> WORK INSTRUCTION:
Each record below should be written out again exactly.

── WORKING DATA

(* Let $k=2r+1$ with $r\ge1$, $G=BS(1,k)$, and $m>0$. Let \[\mathcal{A}_m=\{a^{x_0}ta^{x_1}t\cdots a^{x_{m-1}}t\mid x_i\in\mathbb{Z},\ |x_i|\le r\}\setminus\{(a^{-r}t)^m\}.\] Then two words in $\mathcal{A}_m$ represent conjugate elements of $G$ if and only if they are cyclic permutations of each other, and every word in $\mathcal{A}_m$ is a conjugacy geodesic.
   Context: $BS(1,k)=\langle a,t\mid tat^{-1}=a^k\rangle$. $a^x$ denotes $|x|$ copies of $a$ or $a^{-1}$ according to the sign of $x$. Word length is with respect to $\{a,t\}$. A word is a conjugacy geodesic for the conjugacy class of the element it represents if it is a geodesic word and the element it represents has minimal length among all elements of its conjugacy class. *)

theory Defs
  imports Main
begin

(* Generators of BS(1,k) = < a, t | t a t^-1 = a^k >. A letter is a generator
   together with a flag: False = the generator itself, True = its inverse. *)
datatype gen = A | T

type_synonym letter = "gen \<times> bool"
type_synonym word = "letter list"

definition inv_letter :: "letter \<Rightarrow> letter" where
  "inv_letter x = (fst x, \<not> snd x)"

definition inv_word :: "word \<Rightarrow> word" where
  "inv_word w = rev (map inv_letter w)"

inductive bs_eq :: "nat \<Rightarrow> word \<Rightarrow> word \<Rightarrow> bool" for k :: nat where
  bs_refl: "bs_eq k w w"
| bs_sym: "bs_eq k u v \<Longrightarrow> bs_eq k v u"
| bs_trans: "bs_eq k u v \<Longrightarrow> bs_eq k v w \<Longrightarrow> bs_eq k u w"
| bs_cancel: "bs_eq k (u @ [x, inv_letter x] @ v) (u @ v)"
| bs_rel: "bs_eq k (u @ [(T,False), (A,False), (T,True)] @ v) (u @ replicate k (A,False) @ v)"

definition elt_length :: "nat \<Rightarrow> word \<Rightarrow> nat" where
  "elt_length k w = (LEAST n. \<exists>w'. bs_eq k w w' \<and> length w' = n)"

definition geodesic :: "nat \<Rightarrow> word \<Rightarrow> bool" where
  "geodesic k w \<longleftrightarrow> length w = elt_length k w"

definition bs_conj :: "nat \<Rightarrow> word \<Rightarrow> word \<Rightarrow> bool" where
  "bs_conj k u v \<longleftrightarrow> (\<exists>g. bs_eq k (g @ u @ inv_word g) v)"

definition conj_geodesic :: "nat \<Rightarrow> word \<Rightarrow> bool" where
  "conj_geodesic k w \<longleftrightarrow> geodesic k w \<and>
     (\<forall>v. bs_conj k w v \<longrightarrow> elt_length k w \<le> elt_length k v)"

definition apow :: "int \<Rightarrow> word" where
  "apow x = replicate (nat \<bar>x\<bar>) (A, x < 0)"

definition blockword :: "int list \<Rightarrow> word" where
  "blockword xs = concat (map (\<lambda>x. apow x @ [(T, False)]) xs)"

definition A_set :: "nat \<Rightarrow> nat \<Rightarrow> word set" where
  "A_set r m = {blockword xs | xs. length xs = m \<and> (\<forall>x\<in>set xs. \<bar>x\<bar> \<le> int r)}
               - {blockword (replicate m (- int r))}"

end

theory Submission
  imports Defs "HOL-Number_Theory.Cong"
begin

(* Sending a to (1, 0) and t to (0, 1) defines a homomorphism from BS(1,k) to the semidirect
   product Z/(k^m - 1) x Z in which t acts by multiplication by k, a unit of order m. The block
   word with digits x_0, ..., x_(m-1) has t-exponent m and first coordinate sum x_i k^i, and
   conjugating it multiplies that coordinate by a power of k, which modulo k^m - 1 is the same as
   rotating the digit string.
   A word v conjugate to it has t-exponent m, and collecting the a-letters of v by height modulo m
   gives a digit vector z with sum z_i k^i congruent to the value of a rotation of x and with
   length v >= m + sum |z_i|. Balanced digits |x_i| <= r minimise sum |z_i| within such a
   congruence class, which makes the block word a conjugacy geodesic. Finally, apart from
   (-r, ..., -r), balanced strings of length m have pairwise incongruent values modulo k^m - 1,
   so conjugate block words come from digit strings that are rotations of each other. *)

section \<open>Arithmetic of exponents modulo m\<close>

lemma cong_power_modulus: "[(K::int) ^ m = 1] (mod K ^ m - 1)"
  by (simp add: cong_iff_dvd_diff)

lemma power_cong_mod_exponent:
  fixes K :: int
  assumes "i mod m = j mod m"
  shows "[K ^ i = K ^ j] (mod K ^ m - 1)"
proof -
  have reduce: "[K ^ n = K ^ (n mod m)] (mod K ^ m - 1)" for n
  proof -
    have "[K ^ (n mod m) * (K ^ m) ^ (n div m) = K ^ (n mod m) * 1 ^ (n div m)] (mod K ^ m - 1)"
      by (intro cong_scalar_left cong_pow cong_power_modulus)
    moreover have "K ^ n = K ^ (n mod m) * (K ^ m) ^ (n div m)"
      by (metis mod_div_mult_eq power_add power_mult mult.commute)
    ultimately show ?thesis by simp
  qed
  show ?thesis
    using reduce[of i] reduce[of j] assms by (metis cong_sym cong_trans)
qed

lemma power_nat_mod_cong:
  fixes K :: int
  assumes "m > 0" and "int n mod int m = h mod int m"
  shows "[K ^ nat (h mod int m) = K ^ n] (mod K ^ m - 1)"
proof (rule power_cong_mod_exponent)
  have "int (nat (h mod int m) mod m) = int (n mod m)"
    using assms by (simp add: zmod_int)
  then show "nat (h mod int m) mod m = n mod m" by (simp only: of_nat_eq_iff)
qed

section \<open>Invariants of words\<close>

fun t_exp :: "word \<Rightarrow> int" where
  "t_exp [] = 0"
| "t_exp ((A, _) # w) = t_exp w"
| "t_exp ((T, b) # w) = (if b then -1 else 1) + t_exp w"

(* Starting at height h, an a-letter read at height h' contributes +-K^(h' mod m); modulo K^m - 1
   this is the first coordinate of the homomorphism to Z/(K^m - 1) x Z described above. *)
fun cyc_value :: "int \<Rightarrow> nat \<Rightarrow> int \<Rightarrow> word \<Rightarrow> int" where
  "cyc_value K m h [] = 0"
| "cyc_value K m h ((A, b) # w) = (if b then -1 else 1) * K ^ nat (h mod int m) + cyc_value K m h w"
| "cyc_value K m h ((T, b) # w) = cyc_value K m (if b then h - 1 else h + 1) w"

lemma t_exp_append [simp]: "t_exp (u @ v) = t_exp u + t_exp v"
  by (induction u rule: t_exp.induct) auto

lemma cyc_value_append:
  "cyc_value K m h (u @ v) = cyc_value K m h u + cyc_value K m (h + t_exp u) v"
  by (induction K m h u rule: cyc_value.induct) (auto simp: algebra_simps)

lemma t_exp_replicate_A [simp]: "t_exp (replicate n (A, b)) = 0"
  by (induction n) auto

lemma cyc_value_replicate_A:
  "cyc_value K m h (replicate n (A, b)) = int n * (if b then -1 else 1) * K ^ nat (h mod int m)"
  by (induction n) (auto simp: algebra_simps)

────

> WRITTEN RESPONSE:
(* Let $k=2r+1$ with $r\ge1$, $G=BS(1,k)$, and $m>0$. Let \[\mathcal{A}_m=\{a^{x_0}ta^{x_1}t\cdots a^{x_{m-1}}t\mid x_i\in\mathbb{Z},\ |x_i|\le r\}\setminus\{(a^{-r}t)^m\}.\] Then two words in $\mathcal{A}_m$ represent conjugate elements of $G$ if and only if they are cyclic permutations of each other, and every word in $\mathcal{A}_m$ is a conjugacy geodesic.
   Context: $BS(1,k)=\langle a,t\mid tat^{-1}=a^k\rangle$. $a^x$ denotes $|x|$ copies of $a$ or $a^{-1}$ according to the sign of $x$. Word length is with respect to $\{a,t\}$. A word is a conjugacy geodesic for the conjugacy class of the element it represents if it is a geodesic word and the element it represents has minimal length among all elements of its conjugacy class. *)

theory Defs
  imports Main
begin

(* Generators of BS(1,k) = < a, t | t a t^-1 = a^k >. A letter is a generator
   together with a flag: False = the generator itself, True = its inverse. *)
datatype gen = A | T

type_synonym letter = "gen \<times> bool"
type_synonym word = "letter list"

definition inv_letter :: "letter \<Rightarrow> letter" where
  "inv_letter x = (fst x, \<not> snd x)"

definition inv_word :: "word \<Rightarrow> word" where
  "inv_word w = rev (map inv_letter w)"

inductive bs_eq :: "nat \<Rightarrow> word \<Rightarrow> word \<Rightarrow> bool" for k :: nat where
  bs_refl: "bs_eq k w w"
| bs_sym: "bs_eq k u v \<Longrightarrow> bs_eq k v u"
| bs_trans: "bs_eq k u v \<Longrightarrow> bs_eq k v w \<Longrightarrow> bs_eq k u w"
| bs_cancel: "bs_eq k (u @ [x, inv_letter x] @ v) (u @ v)"
| bs_rel: "bs_eq k (u @ [(T,False), (A,False), (T,True)] @ v) (u @ replicate k (A,False) @ v)"

definition elt_length :: "nat \<Rightarrow> word \<Rightarrow> nat" where
  "elt_length k w = (LEAST n. \<exists>w'. bs_eq k w w' \<and> length w' = n)"

definition geodesic :: "nat \<Rightarrow> word \<Rightarrow> bool" where
  "geodesic k w \<longleftrightarrow> length w = elt_length k w"

definition bs_conj :: "nat \<Rightarrow> word \<Rightarrow> word \<Rightarrow> bool" where
  "bs_conj k u v \<longleftrightarrow> (\<exists>g. bs_eq k (g @ u @ inv_word g) v)"

definition conj_geodesic :: "nat \<Rightarrow> word \<Rightarrow> bool" where
  "conj_geodesic k w \<longleftrightarrow> geodesic k w \<and>
     (\<forall>v. bs_conj k w v \<longrightarrow> elt_length k w \<le> elt_length k v)"

definition apow :: "int \<Rightarrow> word" where
  "apow x = replicate (nat \<bar>x\<bar>) (A, x < 0)"

definition blockword :: "int list \<Rightarrow> word" where
  "blockword xs = concat (map (\<lambda>x. apow x @ [(T, False)]) xs)"

definition A_set :: "nat \<Rightarrow> nat \<Rightarrow> word set" where
  "A_set r m = {blockword xs | xs. length xs = m \<and> (\<forall>x\<in>set xs. \<bar>x\<bar> \<le> int r)}
               - {blockword (replicate m (- int r))}"

end

theory Submission
  imports Defs "HOL-Number_Theory.Cong"
begin

(* Sending a to (1, 0) and t to (0, 1) defines a homomorphism from BS(1,k) to the semidirect
   product Z/(k^m - 1) x Z in which t acts by multiplication by k, a unit of order m. The block
   word with digits x_0, ..., x_(m-1) has t-exponent m and first coordinate sum x_i k^i, and
   conjugating it multiplies that coordinate by a power of k, which modulo k^m - 1 is the same as
   rotating the digit string.
   A word v conjugate to it has t-exponent m, and collecting the a-letters of v by height modulo m
   gives a digit vector z with sum z_i k^i congruent to the value of a rotation of x and with
   length v >= m + sum |z_i|. Balanced digits |x_i| <= r minimise sum |z_i| within such a
   congruence class, which makes the block word a conjugacy geodesic. Finally, apart from
   (-r, ..., -r), balanced strings of length m have pairwise incongruent values modulo k^m - 1,
   so conjugate block words come from digit strings that are rotations of each other. *)

section \<open>Arithmetic of exponents modulo m\<close>

lemma cong_power_modulus: "[(K::int) ^ m = 1] (mod K ^ m - 1)"
  by (simp add: cong_iff_dvd_diff)

lemma power_cong_mod_exponent:
  fixes K :: int
  assumes "i mod m = j mod m"
  shows "[K ^ i = K ^ j] (mod K ^ m - 1)"
proof -
  have reduce: "[K ^ n = K ^ (n mod m)] (mod K ^ m - 1)" for n
  proof -
    have "[K ^ (n mod m) * (K ^ m) ^ (n div m) = K ^ (n mod m) * 1 ^ (n div m)] (mod K ^ m - 1)"
      by (intro cong_scalar_left cong_pow cong_power_modulus)
    moreover have "K ^ n = K ^ (n mod m) * (K ^ m) ^ (n div m)"
      by (metis mod_div_mult_eq power_add power_mult mult.commute)
    ultimately show ?thesis by simp
  qed
  show ?thesis
    using reduce[of i] reduce[of j] assms by (metis cong_sym cong_trans)
qed

lemma power_nat_mod_cong:
  fixes K :: int
  assumes "m > 0" and "int n mod int m = h mod int m"
  shows "[K ^ nat (h mod int m) = K ^ n] (mod K ^ m - 1)"
proof (rule power_cong_mod_exponent)
  have "int (nat (h mod int m) mod m) = int (n mod m)"
    using assms by (simp add: zmod_int)
  then show "nat (h mod int m) mod m = n mod m" by (simp only: of_nat_eq_iff)
qed

section \<open>Invariants of words\<close>

fun t_exp :: "word \<Rightarrow> int" where
  "t_exp [] = 0"
| "t_exp ((A, _) # w) = t_exp w"
| "t_exp ((T, b) # w) = (if b then -1 else 1) + t_exp w"

(* Starting at height h, an a-letter read at height h' contributes +-K^(h' mod m); modulo K^m - 1
   this is the first coordinate of the homomorphism to Z/(K^m - 1) x Z described above. *)
fun cyc_value :: "int \<Rightarrow> nat \<Rightarrow> int \<Rightarrow> word \<Rightarrow> int" where
  "cyc_value K m h [] = 0"
| "cyc_value K m h ((A, b) # w) = (if b then -1 else 1) * K ^ nat (h mod int m) + cyc_value K m h w"
| "cyc_value K m h ((T, b) # w) = cyc_value K m (if b then h - 1 else h + 1) w"

lemma t_exp_append [simp]: "t_exp (u @ v) = t_exp u + t_exp v"
  by (induction u rule: t_exp.induct) auto

lemma cyc_value_append:
  "cyc_value K m h (u @ v) = cyc_value K m h u + cyc_value K m (h + t_exp u) v"
  by (induction K m h u rule: cyc_value.induct) (auto simp: algebra_simps)

lemma t_exp_replicate_A [simp]: "t_exp (replicate n (A, b)) = 0"
  by (induction n) auto

lemma cyc_value_replicate_A:
  "cyc_value K m h (replicate n (A, b)) = int n * (if b then -1 else 1) * K ^ nat (h mod int m)"
  by (induction n) (auto simp: algebra_simps)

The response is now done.